Exercise aim: Scan the lines below for "False"; report the number of lines that contain it, and only that.

[Collected data]
:::
lemma block_coloring_star_order_le:
  assumes "embedding S n (block_coloring k) 2 \<phi>" and "is_star_graph b S" and "0 < k"
  shows "b \<le> k"
proof -
  obtain s where s: "s < b" "fst S = b" "snd S = {{s, u} | u. u < b \<and> u \<noteq> s}"
    using assms(2) unfolding is_star_graph_def by blast
  define q where "q = \<phi> s div k"
  have same_block: "\<phi> u div k = q" if "u < b" for u
  proof (cases "u = s")
    case False
    then have "{s, u} \<in> snd S" using s(3) that by blast
    from embedding_edge[OF assms(1) this] show ?thesis
      by (simp add: q_def block_coloring_pair split: if_splits)
  qed (simp add: q_def)
  have "inj_on (\<lambda>u. \<phi> u mod k) {0..<b}"
  proof (rule inj_onI)
    fix u w assume "u \<in> {0..<b}" "w \<in> {0..<b}" "\<phi> u mod k = \<phi> w mod k"
    with same_block have "\<phi> u = \<phi> w" by (metis atLeastLessThan_iff div_mult_mod_eq)
    with assms(1) s(2) show "u = w" using \<open>u \<in> {0..<b}\<close> \<open>w \<in> {0..<b}\<close>
      by (auto simp: embedding_def inj_on_eq_iff)
  qed
  moreover have "(\<lambda>u. \<phi> u mod k) ` {0..<b} \<subseteq> {0..<k}" using assms(3) by auto
  ultimately show ?thesis using card_inj_on_le[of _ "{0..<b}" "{0..<k}"] by simp
qed

lemma not_cyc_ramsey_prop_complete_star:
  assumes "1 \<le> a" and "is_star_graph b S" and "m \<le> (a - 1) * (b - 1)"
  shows "\<not> cyc_ramsey_prop (complete_graph a) S m"
proof
  assume "cyc_ramsey_prop (complete_graph a) S m"
  then obtain \<phi> where
    "embedding (complete_graph a) m (block_coloring (b - 1)) 1 \<phi> \<or>
     embedding S m (block_coloring (b - 1)) 2 \<phi>"
    using two_coloring_block_coloring unfolding cyc_ramsey_prop_def by blast
  then show False
  proof
    assume "embedding (complete_graph a) m (block_coloring (b - 1)) 1 \<phi>"
    from block_coloring_clique_order_le[OF this assms(3)] show False using assms(1) by simp
  next
    assume star: "embedding S m (block_coloring (b - 1)) 2 \<phi>"
    have "fst S = b" "1 \<le> b" using assms(2) by (auto simp: is_star_graph_def)
    show False
    proof (cases "b = 1")
      \<comment> \<open>block_coloring 0 puts every vertex into one block, but then there are no vertices.\<close>
      case True
      then show False using embedding_order_le[OF star] \<open>fst S = b\<close> assms(3) by simp
    next
      case False
      then show False using block_coloring_star_order_le[OF star assms(2)] \<open>1 \<le> b\<close> by simp
    qed
  qed
qed
theorem box_positively_invariant:
  assumes J: "is_interval J" "0 \<in> J"
    and dH: "\<And>t. t \<in> J \<Longrightarrow> (H has_real_derivative host_rate (H t) (S t) (C t)) (at t within J)"
    and dS: "\<And>t. t \<in> J \<Longrightarrow> (S has_real_derivative symbiont_rate (H t) (S t) (C t)) (at t within J)"
    and dC: "\<And>t. t \<in> J \<Longrightarrow> (C has_real_derivative complex_rate (H t) (S t) (C t)) (at t within J)"
    and init: "H 0 \<in> {0..K\<^sub>1}" "S 0 \<in> {0..K\<^sub>2}" "C 0 \<in> {0..complex_bound}"
    and "t \<in> J" "t \<ge> 0"
  shows "H t \<in> {0..K\<^sub>1} \<and> S t \<in> {0..K\<^sub>2} \<and> C t \<in> {0..complex_bound}"
proof -
  have "\<forall>\<phi> \<in> faces H S C. fst \<phi> t \<ge> 0"
  proof
    fix \<phi> assume "\<phi> \<in> faces H S C"
    show "fst \<phi> t \<ge> 0"
    proof (rule nonneg_invariant_finite_family[where g = fst and g' = "\<lambda>\<phi>. fst (snd \<phi>)"
          and c = "\<lambda>\<phi>. snd (snd \<phi>)", OF _ J _ _ _ \<open>\<phi> \<in> faces H S C\<close> \<open>t \<in> J\<close> \<open>t \<ge> 0\<close>])
      show "finite (faces H S C)" by (simp add: faces_def)
      show "(fst \<psi> has_real_derivative fst (snd \<psi>) s) (at s within J)"
        if "\<psi> \<in> faces H S C" "s \<in> J" for \<psi> s
        by (rule faces_derivative[OF that dH[OF that(2)] dS[OF that(2)] dC[OF that(2)]])
      show "fst \<psi> 0 \<ge> 0" if "\<psi> \<in> faces H S C" for \<psi>
        using init that by (auto simp: faces_def)
      show "fst (snd \<psi>) s \<ge> - snd (snd \<psi>) * e"
        if "\<psi> \<in> faces H S C" "0 < e" "e \<le> 1" "\<And>\<omega>. \<omega> \<in> faces H S C \<Longrightarrow> fst \<omega> s \<ge> -e"
          "fst \<psi> s = -e" for \<psi> s e
        using faces_inward[of e H S C s] that by blast
    qed
  qed
  then show ?thesis
    unfolding faces_def ball_simps(5,7) prod.sel by auto
qed

end

theorem theorem1:
  fixes \<beta>\<^sub>2 \<beta>\<^sub>3 \<delta>\<^sub>1 \<delta>\<^sub>2 \<delta>\<^sub>3 \<mu>\<^sub>1 \<mu>\<^sub>2 \<eta> K\<^sub>1 K\<^sub>2 K\<^sub>3 :: real
    and H S C :: "real \<Rightarrow> real"
    and J :: "real set"
  assumes pos: "\<beta>\<^sub>2 > 0" "\<beta>\<^sub>3 > 0" "\<delta>\<^sub>1 > 0" "\<delta>\<^sub>2 > 0" "\<delta>\<^sub>3 > 0"
      "\<mu>\<^sub>1 > 0" "\<mu>\<^sub>2 > 0" "\<eta> > 0" "K\<^sub>1 > 0" "K\<^sub>2 > 0" "K\<^sub>3 > 0"
    and J: "is_interval J" "0 \<in> J"
    and dH: "\<And>t. t \<in> J \<Longrightarrow> (H has_real_derivative
        (- \<delta>\<^sub>1 * H t - \<eta> * S t * H t + \<mu>\<^sub>1 * C t * (1 - H t / K\<^sub>1))) (at t within J)"
    and dS: "\<And>t. t \<in> J \<Longrightarrow> (S has_real_derivative
        (\<beta>\<^sub>2 * S t * (1 - S t / K\<^sub>2) - \<delta>\<^sub>2 * S t - \<eta> * S t * H t
          + \<mu>\<^sub>2 * C t * (1 - S t / K\<^sub>2))) (at t within J)"
    and dC: "\<And>t. t \<in> J \<Longrightarrow> (C has_real_derivative
        (\<beta>\<^sub>3 * C t * (1 - C t / K\<^sub>3) - \<delta>\<^sub>3 * C t + \<eta> * S t * H t)) (at t within J)"
    and init: "H 0 \<in> {0..K\<^sub>1}" "S 0 \<in> {0..K\<^sub>2}" "C 0 \<in> {0..K3tilde \<beta>\<^sub>3 \<delta>\<^sub>3 \<eta> K\<^sub>1 K\<^sub>2 K\<^sub>3}"
  shows "\<forall>t\<in>J. t \<ge> 0 \<longrightarrow>
     H t \<in> {0..K\<^sub>1} \<and> S t \<in> {0..K\<^sub>2} \<and> C t \<in> {0..K3tilde \<beta>\<^sub>3 \<delta>\<^sub>3 \<eta> K\<^sub>1 K\<^sub>2 K\<^sub>3}"
proof -
  interpret lichen_system \<beta>\<^sub>2 \<beta>\<^sub>3 \<delta>\<^sub>1 \<delta>\<^sub>2 \<delta>\<^sub>3 \<mu>\<^sub>1 \<mu>\<^sub>2 \<eta> K\<^sub>1 K\<^sub>2 K\<^sub>3
    using pos by unfold_locales
  show ?thesis
    using box_positively_invariant[OF J] dH dS dC init
    unfolding host_rate_def symbiont_rate_def complex_rate_def complex_bound_def
    by blast
qed

end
:::
Solution to this problem: 7